Not at all, but they way that they had to interface with the current application might have helped or hindered the process.
AJAs VTR Exchange capture/playback utility worked better than FCP7s. It uses the same hardware, different interface. This is what will happen with FCPX, they better utility will be used and send media directly to FCPX.
Blackmagic has one too:
https://www.blackmagic-design.com/press/pressdetails/?releaseID=11836
https://www.blackmagic-design.com/products/ultrastudio3d/software/Matrox: https://www.matrox.com/video/en/products/mac/mxo2_family/vetura_capture/
If you will allow me to read between the lines here a bit, or really connect the dots. Apple has announced capture card support, or rather “broadcast video monitoring” which is capture card support. AJA, Decklink and Matrox have announced capture utilities.
These companies have really close relationships to Apple.
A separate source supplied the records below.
(* For $m\ge 2$, let $h_m^{+}$ and $h_m^{-}$ denote respectively the largest and the smallest number of matching coalescent histories of a species tree with $m$ leaves, the maximum and minimum being taken over all species trees with $m$ leaves, and let $R(m)=h_m^{+}/h_m^{-}$. Then for every odd $m\ge 7$, $$R(m)\ge\left(\frac{\sqrt{m-1}}{4\sqrt{e}}\right)^{m}.$$
   Context: A species tree is a rooted binary tree whose leaves carry distinct labels. Each node $v$ of a tree $t$ has a branch directly above it: for a non-root node this is the edge joining $v$ to its parent, and the root additionally has a root branch above it. A leaf $x$ descends from a branch if $x$ lies in the subtree below that branch. A branch $b'$ is descended from a branch $b$ if the node at the lower end of $b'$ lies in the subtree below $b$. Given a species tree $t$, a matching coalescent history of $t$ is a map $h$ from the set of internal nodes of $t$ to the set of branches of $t$ such that: (a) for every leaf $x$ and internal node $k$, if $x$ descends from $k$ then $x$ descends from the branch $h(k)$; (b) for all internal nodes $k_1,k_2$, if $k_2$ is a descendant of $k_1$ then $h(k_2)$ is descended from or coincides with $h(k_1)$. The number of matching coalescent histories depends only on the unlabeled shape of the tree. *)

theory Defs
  imports Complex_Main "HOL-Library.FuncSet" "HOL-Library.Sublist"
begin

datatype 'a stree = Leaf 'a | Node "'a stree" "'a stree"

fun leaf_labels :: "'a stree \<Rightarrow> 'a list" where
  "leaf_labels (Leaf a) = [a]"
| "leaf_labels (Node l r) = leaf_labels l @ leaf_labels r"

definition nleaves :: "'a stree \<Rightarrow> nat" where
  "nleaves t = length (leaf_labels t)"

text \<open>Nodes are addressed by their path from the root (False = left, True = right).
  The branch above a node is identified with that node; the branch above the root is
  the root branch.  A node (or branch) q lies below the branch of node p iff p is a
  prefix of q.\<close>
fun positions :: "'a stree \<Rightarrow> bool list set" where
  "positions (Leaf a) = {[]}"
| "positions (Node l r) = insert [] (Cons False ` positions l \<union> Cons True ` positions r)"

fun internal_nodes :: "'a stree \<Rightarrow> bool list set" where
  "internal_nodes (Leaf a) = {}"
| "internal_nodes (Node l r) =
     insert [] (Cons False ` internal_nodes l \<union> Cons True ` internal_nodes r)"

definition leaf_nodes :: "'a stree \<Rightarrow> bool list set" where
  "leaf_nodes t = positions t - internal_nodes t"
Why would they go through this trouble if they didn’t know that they would NEED this software? You can test them now if you want to, and help build it. They can’t announce FCPX support because there’s nothing to announce yet. They won’t announce until it’s available. Sounds familiar, right?
This means that if you have the same hardware that can be used in all of your disparate video apps, the same capture interface will be present across all of them. How is this a bad thing?
[Herb Sevush] “But more importantly I’d just be happy to have any system that actually worked across time code breaks properly and that could handle batch-recaptures from the project I was working on.”
Give them a shot. The Blackmagic one is available now.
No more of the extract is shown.